Model: "functional_7"
_________________________________________________________________
Layer (type)                 Output Shape              Param #   
input_4 (InputLayer)         [(None, 368, 640, 3)]     0         
_________________________________________________________________
rescaling_3 (Rescaling)      (None, 368, 640, 3)       0         
_________________________________________________________________
conv2d_6 (Conv2D)            (None, 366, 638, 32)      896       
_________________________________________________________________
max_pooling2d_6 (MaxPooling2 (None, 122, 212, 32)      0         
_________________________________________________________________
conv2d_7 (Conv2D)            (None, 120, 210, 32)      9248      
_________________________________________________________________
max_pooling2d_7 (MaxPooling2 (None, 40, 70, 32)        0         
_________________________________________________________________
flatten_3 (Flatten)          (None, 89600)            

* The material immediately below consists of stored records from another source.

lemma card_avoiders_Suc:
  assumes "1 \<le> n" and "3 \<le> m"
  shows "card (avoiders (Suc n) m) = 2 * card (avoiders n m)"
proof -
  let ?A = "avoiders n m" and ?N = "Suc n"
  have "finite ?A"
    unfolding avoiders_def using finite_multiset_perms by simp
  have nonempty: "?A \<subseteq> {v. v \<noteq> []}"
    using multiset_perms_nonempty[of "[]" n m] assms unfolding avoiders_def by auto
  have "hd u \<noteq> ?N" if "u \<in> ?A" for u
  proof -
    have "hd u \<in> set u"
      using nonempty that by auto
    with that show ?thesis
      unfolding avoiders_def multiset_perms_def by auto
  qed
  then have "top_block m ?N ` ?A \<inter> top_block_split m ?N ` ?A = {}"
    using top_block_neq_top_block_split assms(2) by fastforce
  moreover have "inj_on (top_block m ?N) ?A"
    by (simp add: top_block_def inj_on_def)
  moreover have "inj_on (top_block_split m ?N) ?A"
    using inj_on_top_block_split nonempty by (rule inj_on_subset)
  ultimately show ?thesis
    using avoiders_Suc[OF assms] \<open>finite ?A\<close>
    by (simp add: card_Un_disjoint card_image)
qed

lemma avoiders_one: "avoiders 1 m = {replicate m 1}"
proof -
  have "multiset_perms 1 m = {replicate m 1}"
  proof (intro equalityI subsetI)
    fix w assume "w \<in> multiset_perms 1 m"
    then have "set w \<subseteq> {1}" and "count_list w 1 = m"
      unfolding multiset_perms_def by auto
    have "w = replicate (length w) 1"
      using \<open>set w \<subseteq> {1}\<close> by (auto intro: replicate_length_same[symmetric])
    moreover have "count_list w 1 = length w"
      using \<open>set w \<subseteq> {1}\<close> by (induction w) auto
    ultimately show "w \<in> {replicate m 1}"
      using \<open>count_list w 1 = m\<close> by (metis insertI1)
  qed (simp add: multiset_perms_def set_replicate_conv_if)
  moreover have "\<not> contains_112_122 (replicate m 1)"
  proof
    assume "contains_112_122 (replicate m 1)"
    then obtain a b :: nat
      where "a < b" "subseq [a, a, b] (replicate m 1) \<or> subseq [a, b, b] (replicate m 1)"
      unfolding contains_112_122_def by blast
    then have "{a, b} \<subseteq> set (replicate m 1)"
      using set_mono_subseq[of "[a, a, b]" "replicate m 1"] set_mono_subseq[of "[a, b, b]" "replicate m 1"]
      by auto
    with \<open>a < b\<close> show False
      by (simp add: set_replicate_conv_if split: if_splits)
  qed
  ultimately show ?thesis
    unfolding avoiders_def by auto
qed

lemma card_avoiders:
  assumes "1 \<le> n" and "3 \<le> m"
  shows "card (avoiders n m) = 2 ^ (n - 1)"
  using assms(1)
proof (induction n rule: nat_induct_at_least)
  case base
  then show ?case
    using avoiders_one by simp
next
  case (Suc n)
  then show ?case
    using card_avoiders_Suc assms(2) by (simp add: power_eq_if)
qed

theorem theorem1:
  fixes n m :: nat
  assumes "m \<ge> 3" and "n \<ge> 1"
  shows "s_count n m {[1,1,2], [1,2,2]} = 2 ^ (n - 1)"
proof -
  have "s_count n m {[1,1,2], [1,2,2]} = card (avoiders n m)"
    unfolding s_count_def avoiders_def avoids_112_122_iff ..
  also have "\<dots> = 2 ^ (n - 1)"
    using card_avoiders assms by simp
  finally show ?thesis .
qed

end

Now we need to compile, train and test the model.

In [73]:
model.compile(optimizer="adam", loss="categorical_crossentropy", metrics=["accuracy"])

In [74]:
model.fit(train_dataset, epochs=3)

Epoch 1/3
Epoch 2/3
Epoch 3/3


<tensorflow.python.keras.callbacks.History at 0x208ca736748>

Let's see how the model does on unseen data.

In [75]:
loss, acc = model.evaluate(val_dataset)



Let's see the confusion matrix on our predictions to see where our model is struggling.

In [80]:
predictions = model.predict(val_dataset)
y_pred = np.argmax(predictions, axis = 1)

In [88]:
# Get true labels
y_true = np.argmax(np.concatenate([labels for data, labels in val_dataset], axis=0), axis=1)
print(y_true)
print(y_pred)

print("Confusion matrix:")
print(confusion_matrix(y_true=y_true, y_pred=y_pred, normalize="true"))

[2 4 3 3 3 4 2 4 4 4 1 4 4 3 4 2 1 2 0 4 1 4 4 3 1 1 4 2 1 2 2 1 1 1 0 1 2
 2 3 3 2 0 0 2 4 3 2 1 0 4 2 4 3 2 4 2 4 2 1 0 0 4 4 2]
[4 4 4 4 4 4 4 4 4 4 4 4 4 4 4 4 4 4 4 4 4 4 4 4 4 4 1 4 4 0 4 4 4 4 4 4 4
 4 0 4 4 4 4 4 4 4 4 4 0 4 4 4 4 4 4 0 0 4 4 1 4 4 4 4]
Confusion matrix:
[[0.14285714 0.14285714 0.         0.         0.71428571]
 [0.         0.         0.         0.         1.        ]
 [0.11764706 0.         0.         0.         0.88235294]
 [0.11111111 0.         0.         0.         0.88888889]
 [0.05263158 0.05263158 0.         0.         0.89473684]]


An imbalnced training dataset (many more cholesteric images than other phases) is one major flaw with the current model.